**EXERCISE AIM:** The answer must be a single number: how many lines in the records below contain the word "lemma".
----- EXERCISE INPUTS
(* Let $f^{(0)}$ be a harmonic function in a Jordan domain in $\mathbb{C}$ (with coordinate $w=x+iy$) with nonvanishing Hessian. Let $g(w)$ be a complex analytic function with real part $f^{(0)}(w)/2$, and let $h(w)$ be an antiderivative of a continuous branch of $\sqrt{g''(w)}$. Then the function $$f(w,t)=2\,\mathrm{Re}\,g(w)+|h(w)|^2\,t+\mathrm{Re}\!\left(h(w)^2\right)\log|h'(w)|\,t^2$$ satisfies $f_{w\bar w}=t\sqrt{f_{ww}f_{\bar w\bar w}}+o(t^2)$ as $t\to0$.
   Context: Wirtinger derivatives: $f_w=\tfrac12(f_x-if_y)$, $f_{\bar w}=\tfrac12(f_x+if_y)$. *)

theory Defs
  imports "HOL-Complex_Analysis.Complex_Analysis"
begin

text \<open>Plane coordinates w = x + i y. Partial derivatives of a function
  F :: complex => complex (real-valued functions are embedded via of_real).\<close>

definition dx :: "(complex \<Rightarrow> complex) \<Rightarrow> complex \<Rightarrow> complex" where
  "dx F w = vector_derivative (\<lambda>s::real. F (w + of_real s)) (at 0)"

definition dy :: "(complex \<Rightarrow> complex) \<Rightarrow> complex \<Rightarrow> complex" where
  "dy F w = vector_derivative (\<lambda>s::real. F (w + \<i> * of_real s)) (at 0)"

definition wirt :: "(complex \<Rightarrow> complex) \<Rightarrow> complex \<Rightarrow> complex" where
  "wirt F w = (dx F w - \<i> * dy F w) / 2"

definition wirt_bar :: "(complex \<Rightarrow> complex) \<Rightarrow> complex \<Rightarrow> complex" where
  "wirt_bar F w = (dx F w + \<i> * dy F w) / 2"

definition C2_on :: "complex set \<Rightarrow> (complex \<Rightarrow> real) \<Rightarrow> bool" where
  "C2_on D f \<longleftrightarrow>
     (let F = (\<lambda>w. complex_of_real (f w)) in
       (\<forall>w\<in>D. F differentiable (at w)) \<and>
       (\<forall>w\<in>D. dx F differentiable (at w) \<and> dy F differentiable (at w)) \<and>
       continuous_on D (dx (dx F)) \<and> continuous_on D (dx (dy F)) \<and>
       continuous_on D (dy (dx F)) \<and> continuous_on D (dy (dy F)))"

definition harmonic_on :: "complex set \<Rightarrow> (complex \<Rightarrow> real) \<Rightarrow> bool" where
  "harmonic_on D f \<longleftrightarrow> open D \<and> C2_on D f \<and>
     (\<forall>w\<in>D. dx (dx (\<lambda>z. complex_of_real (f z))) w
              + dy (dy (\<lambda>z. complex_of_real (f z))) w = 0)"

definition hessian_det :: "(complex \<Rightarrow> real) \<Rightarrow> complex \<Rightarrow> complex" where
  "hessian_det f w = (let F = (\<lambda>z. complex_of_real (f z)) in
     dx (dx F) w * dy (dy F) w - dy (dx F) w * dx (dy F) w)"

definition jordan_domain :: "complex set \<Rightarrow> bool" where
  "jordan_domain D \<longleftrightarrow> (\<exists>c. simple_path c \<and> pathfinish c = pathstart c \<and>
                              D = inside (path_image c))"

end

theory Submission
  imports Defs
begin

(* Since f is real, f_wbar = conj f_w, so f_wbarwbar = conj f_ww and sqrt (f_ww f_wbarwbar) = |f_ww|.
   Holomorphic functions have vanishing wbar-derivative and ln |h'| is locally the real part of a
   holomorphic logarithm of h', so Wirtinger calculus gives
     f_ww    = g'' + t h'' conj h + O(t^2),
     f_wwbar = t |h'|^2 + t^2 Re (h'' conj h conj (h'^2)) / |h'|^2.
   The Hessian of f0 = 2 Re g is -4 |g''|^2, so g'' = h'^2 does not vanish, and the first-order
   expansion |a0 + t a1 + O(t^2)| = |a0| + t Re (a1 conj a0) / |a0| + O(t^2) of the modulus
   reproduces exactly these two coefficients. *)

(* Every real-linear map of the plane is d \<mapsto> a d + b (conj d); a and b are then F_w and F_wbar. *)
definition has_wirtinger_derivatives ::
    "(complex \<Rightarrow> complex) \<Rightarrow> complex \<Rightarrow> complex \<Rightarrow> complex \<Rightarrow> bool" where
  "has_wirtinger_derivatives F a b z \<longleftrightarrow> (F has_derivative (\<lambda>d. a * d + b * cnj d)) (at z)"

lemma has_wirtinger_derivatives_directional:
  assumes "has_wirtinger_derivatives F a b z"
  shows "vector_derivative (\<lambda>s::real. F (z + v * of_real s)) (at 0) = a * v + b * cnj v"
proof -
  have "((\<lambda>s::real. z + v * of_real s) has_derivative (\<lambda>d. v * of_real d)) (at 0)"
    by (auto intro!: derivative_eq_intros)
  moreover have "(F has_derivative (\<lambda>d. a * d + b * cnj d)) (at (z + v * of_real 0))"
    using assms unfolding has_wirtinger_derivatives_def by simp
  ultimately have "((\<lambda>s. F (z + v * of_real s)) has_derivative
                     (\<lambda>d. a * (v * of_real d) + b * cnj (v * of_real d))) (at 0)"
    by (rule has_derivative_compose[unfolded o_def])
  moreover have "(\<lambda>d. a * (v * of_real d) + b * cnj (v * of_real d)) = (\<lambda>d::real. d *\<^sub>R (a * v + b * cnj v))"
    by (auto simp: fun_eq_iff scaleR_conv_of_real algebra_simps)
  ultimately have "((\<lambda>s. F (z + v * of_real s)) has_vector_derivative (a * v + b * cnj v)) (at 0)"
    unfolding has_vector_derivative_def by simp
  then show ?thesis
    by (rule vector_derivative_at)
qed

lemma has_wirtinger_derivatives_dx:
  "has_wirtinger_derivatives F a b z \<Longrightarrow> dx F z = a + b"
  using has_wirtinger_derivatives_directional[of F a b z 1] by (simp add: dx_def)

lemma has_wirtinger_derivatives_dy:
  "has_wirtinger_derivatives F a b z \<Longrightarrow> dy F z = \<i> * (a - b)"
  using has_wirtinger_derivatives_directional[of F a b z \<i>] by (simp add: dy_def algebra_simps)

lemma has_wirtinger_derivatives_wirt:
  "has_wirtinger_derivatives F a b z \<Longrightarrow> wirt F z = a"
  by (simp add: wirt_def has_wirtinger_derivatives_dx has_wirtinger_derivatives_dy algebra_simps)

lemma has_wirtinger_derivatives_wirt_bar:
  "has_wirtinger_derivatives F a b z \<Longrightarrow> wirt_bar F z = b"
  by (simp add: wirt_bar_def has_wirtinger_derivatives_dx has_wirtinger_derivatives_dy algebra_simps)

lemma has_wirtinger_derivatives_cong:
  "has_wirtinger_derivatives F a b z \<Longrightarrow> a = a' \<Longrightarrow> b = b' \<Longrightarrow> has_wirtinger_derivatives F a' b' z"
  by simp

lemma has_wirtinger_derivatives_transform:
  assumes "has_wirtinger_derivatives F a b z" "\<forall>\<^sub>F w in nhds z. F w = G w"
  shows "has_wirtinger_derivatives G a b z"
proof -
  from assms(2) have "\<forall>\<^sub>F w in at z. F w = G w" "F z = G z"
    by (simp_all add: eventually_nhds_conv_at)
  with assms(1) show ?thesis
    unfolding has_wirtinger_derivatives_def by (auto intro: has_derivative_transform_eventually)
qed

lemma has_wirtinger_derivatives_holomorphic:
  "(F has_field_derivative a) (at z) \<Longrightarrow> has_wirtinger_derivatives F a 0 z"
  unfolding has_wirtinger_derivatives_def has_field_derivative_def by simp

lemma has_wirtinger_derivatives_const: "has_wirtinger_derivatives (\<lambda>_. c) 0 0 z"
  unfolding has_wirtinger_derivatives_def by simp

lemma has_wirtinger_derivatives_cnj:
  "has_wirtinger_derivatives F a b z \<Longrightarrow> has_wirtinger_derivatives (\<lambda>w. cnj (F w)) (cnj b) (cnj a) z"
  unfolding has_wirtinger_derivatives_def
  by (drule has_derivative_cnj) (simp add: algebra_simps)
----------
**SOLVED EXERCISE:** 10